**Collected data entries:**
───

lemma infsum_nonpos_bij_betw:
  fixes a :: "'i \<Rightarrow> real"
  assumes a: "a summable_on I" and \<sigma>: "bij_betw \<sigma> I I" and pair: "\<And>k. k \<in> I \<Longrightarrow> a k + a (\<sigma> k) \<le> 0"
  shows "infsum a I \<le> 0"
proof -
  have a_\<sigma>: "(\<lambda>k. a (\<sigma> k)) summable_on I"
    using summable_on_reindex_bij_betw[OF \<sigma>, of a] a by simp
  have "2 * infsum a I = infsum a I + infsum (\<lambda>k. a (\<sigma> k)) I"
    by (simp add: infsum_reindex_bij_betw[OF \<sigma>])
  also have "\<dots> = infsum (\<lambda>k. a k + a (\<sigma> k)) I"
    by (rule infsum_add[OF a a_\<sigma>, symmetric])
  also have "\<dots> \<le> infsum (\<lambda>_. 0) I"
    by (rule infsum_mono) (simp_all add: summable_on_add[OF a a_\<sigma>] pair)
  finally show ?thesis
    by simp
qed

lemma summable_on_coll_summands:
  assumes A_nonneg: "\<And>m m1 m'. (m, m1, m') \<in> coll_indices \<Longrightarrow> 0 \<le> A m m1 m'"
    and terms_integrable: "\<And>i k. i < 4 \<Longrightarrow> k \<in> coll_indices \<Longrightarrow>
           integrable coll_space (coll_term i BB f \<phi> k)"
    and terms_summable: "\<And>i. i < 4 \<Longrightarrow>
           (\<lambda>k. (case k of (m, m1, m') \<Rightarrow> A m m1 m') * (\<integral>x. \<bar>coll_term i BB f \<phi> k x\<bar> \<partial>coll_space))
             summable_on coll_indices"
  shows "(\<lambda>k. (case k of (m, m1, m') \<Rightarrow> A m m1 m') * integral\<^sup>L coll_space (coll_integrand BB f \<phi> k))
           summable_on coll_indices"
proof -
  define b where "b i k = (case k of (m, m1, m') \<Rightarrow> A m m1 m') * (\<integral>x. \<bar>coll_term i BB f \<phi> k x\<bar> \<partial>coll_space)"
    for i k
  have "(\<lambda>k. b 0 k + b 1 k + b 2 k + b 3 k) summable_on coll_indices"
    using terms_summable unfolding b_def by (intro summable_on_add) simp_all
  moreover have "norm ((case k of (m, m1, m') \<Rightarrow> A m m1 m') * integral\<^sup>L coll_space (coll_integrand BB f \<phi> k))
      \<le> b 0 k + b 1 k + b 2 k + b 3 k" if k: "k \<in> coll_indices" for k
  proof -
    have "0 \<le> (case k of (m, m1, m') \<Rightarrow> A m m1 m')"
      using k A_nonneg by (auto split: prod.split)
    with abs_integral_coll_integrand_le[OF terms_integrable[OF _ k]] show ?thesis
      by (simp add: b_def abs_mult distrib_left[symmetric] mult_left_mono)
  qed
  ultimately have "(\<lambda>k. norm ((case k of (m, m1, m') \<Rightarrow> A m m1 m') * integral\<^sup>L coll_space (coll_integrand BB f \<phi> k)))
      summable_on coll_indices"
    by (rule Infinite_Sum.abs_summable_on_comparison_test')
  then show ?thesis
    by (rule Infinite_Sum.abs_summable_summable)
qed

theorem proposition2p6:
  fixes A :: "nat \<Rightarrow> nat \<Rightarrow> nat \<Rightarrow> real"
    and BB :: "real \<Rightarrow> real \<Rightarrow> real"
    and \<gamma> :: "nat \<Rightarrow> real"
    and f :: "nat \<Rightarrow> 'a::euclidean_space \<Rightarrow> real"
  assumes A_eq: "\<And>m m1 m'. 1 \<le> m \<Longrightarrow> 1 \<le> m1 \<Longrightarrow> 1 \<le> m' \<Longrightarrow> m' \<le> m + m1 - 1
                   \<Longrightarrow> A m m1 m' = \<gamma> m * \<gamma> m1"
    and \<gamma>_pos: "\<And>m. 1 \<le> m \<Longrightarrow> \<gamma> m > 0"
    and BB_nonneg: "\<And>e c. 0 \<le> e \<Longrightarrow> -1 \<le> c \<Longrightarrow> c \<le> 1 \<Longrightarrow> BB e c \<ge> 0"
    and BB_meas: "case_prod BB \<in> borel_measurable borel"
    and f_pos: "\<And>m v. 1 \<le> m \<Longrightarrow> f m v > 0"
    and f_meas: "\<And>m. 1 \<le> m \<Longrightarrow> f m \<in> borel_measurable borel"
    and terms_integrable: "\<And>i k. i < 4 \<Longrightarrow> k \<in> coll_indices \<Longrightarrow>
           integrable coll_space (coll_term i BB f (entropy_test \<gamma> f) k)"
    and terms_summable: "\<And>i. i < 4 \<Longrightarrow>
           (\<lambda>k. (case k of (m, m1, m') \<Rightarrow> A m m1 m') *
                 (\<integral>x. \<bar>coll_term i BB f (entropy_test \<gamma> f) k x\<bar> \<partial>coll_space))
             summable_on coll_indices"
  shows "BME_pairing A BB f (entropy_test \<gamma> f) \<le> 0"
proof -
  define a where "a = (\<lambda>k. (case k of (m, m1, m') \<Rightarrow> A m m1 m')
    * integral\<^sup>L coll_space (coll_integrand BB f (entropy_test \<gamma> f) k))"
  have A_eq': "A m m1 m' = \<gamma> m * \<gamma> m1" if "(m, m1, m') \<in> coll_indices" for m m1 m'
    using that A_eq by (simp add: coll_indices_def)
  have "a summable_on coll_indices"
    unfolding a_def
    using A_eq' \<gamma>_pos terms_integrable terms_summable
    by (intro summable_on_coll_summands) (auto simp: coll_indices_def less_imp_le)
  moreover have "a k + a (coll_swap k) \<le> 0" if k: "k \<in> coll_indices" for k
  proof -
    obtain m m1 m' where k_eq: "k = (m, m1, m')"
      by (rule prod_cases3)
    from k show ?thesis
      using coll_pair_nonpos[OF k[unfolded k_eq] A_eq' \<gamma>_pos BB_nonneg f_pos
          integrable_coll_integrand[OF terms_integrable]]
      by (simp add: a_def k_eq coll_swap_def)
  qed
  ultimately have "infsum a coll_indices \<le> 0"
    by (rule infsum_nonpos_bij_betw[OF _ bij_betw_coll_swap])
  then show ?thesis
    by (simp add: BME_pairing_def a_def)
qed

───

**Task item:**
Among the records above, only the lines between the line holding "infsum (\<lambda>_. 0)" and the line holding "nat \<Rightarrow> nat", inclusive, are to be output, exactly as written.

**Expected answer:**
  also have "\<dots> \<le> infsum (\<lambda>_. 0) I"
    by (rule infsum_mono) (simp_all add: summable_on_add[OF a a_\<sigma>] pair)
  finally show ?thesis
    by simp
qed

lemma summable_on_coll_summands:
  assumes A_nonneg: "\<And>m m1 m'. (m, m1, m') \<in> coll_indices \<Longrightarrow> 0 \<le> A m m1 m'"
    and terms_integrable: "\<And>i k. i < 4 \<Longrightarrow> k \<in> coll_indices \<Longrightarrow>
           integrable coll_space (coll_term i BB f \<phi> k)"
    and terms_summable: "\<And>i. i < 4 \<Longrightarrow>
           (\<lambda>k. (case k of (m, m1, m') \<Rightarrow> A m m1 m') * (\<integral>x. \<bar>coll_term i BB f \<phi> k x\<bar> \<partial>coll_space))
             summable_on coll_indices"
  shows "(\<lambda>k. (case k of (m, m1, m') \<Rightarrow> A m m1 m') * integral\<^sup>L coll_space (coll_integrand BB f \<phi> k))
           summable_on coll_indices"
proof -
  define b where "b i k = (case k of (m, m1, m') \<Rightarrow> A m m1 m') * (\<integral>x. \<bar>coll_term i BB f \<phi> k x\<bar> \<partial>coll_space)"
    for i k
  have "(\<lambda>k. b 0 k + b 1 k + b 2 k + b 3 k) summable_on coll_indices"
    using terms_summable unfolding b_def by (intro summable_on_add) simp_all
  moreover have "norm ((case k of (m, m1, m') \<Rightarrow> A m m1 m') * integral\<^sup>L coll_space (coll_integrand BB f \<phi> k))
      \<le> b 0 k + b 1 k + b 2 k + b 3 k" if k: "k \<in> coll_indices" for k
  proof -
    have "0 \<le> (case k of (m, m1, m') \<Rightarrow> A m m1 m')"
      using k A_nonneg by (auto split: prod.split)
    with abs_integral_coll_integrand_le[OF terms_integrable[OF _ k]] show ?thesis
      by (simp add: b_def abs_mult distrib_left[symmetric] mult_left_mono)
  qed
  ultimately have "(\<lambda>k. norm ((case k of (m, m1, m') \<Rightarrow> A m m1 m') * integral\<^sup>L coll_space (coll_integrand BB f \<phi> k)))
      summable_on coll_indices"
    by (rule Infinite_Sum.abs_summable_on_comparison_test')
  then show ?thesis
    by (rule Infinite_Sum.abs_summable_summable)
qed

theorem proposition2p6:
  fixes A :: "nat \<Rightarrow> nat \<Rightarrow> nat \<Rightarrow> real"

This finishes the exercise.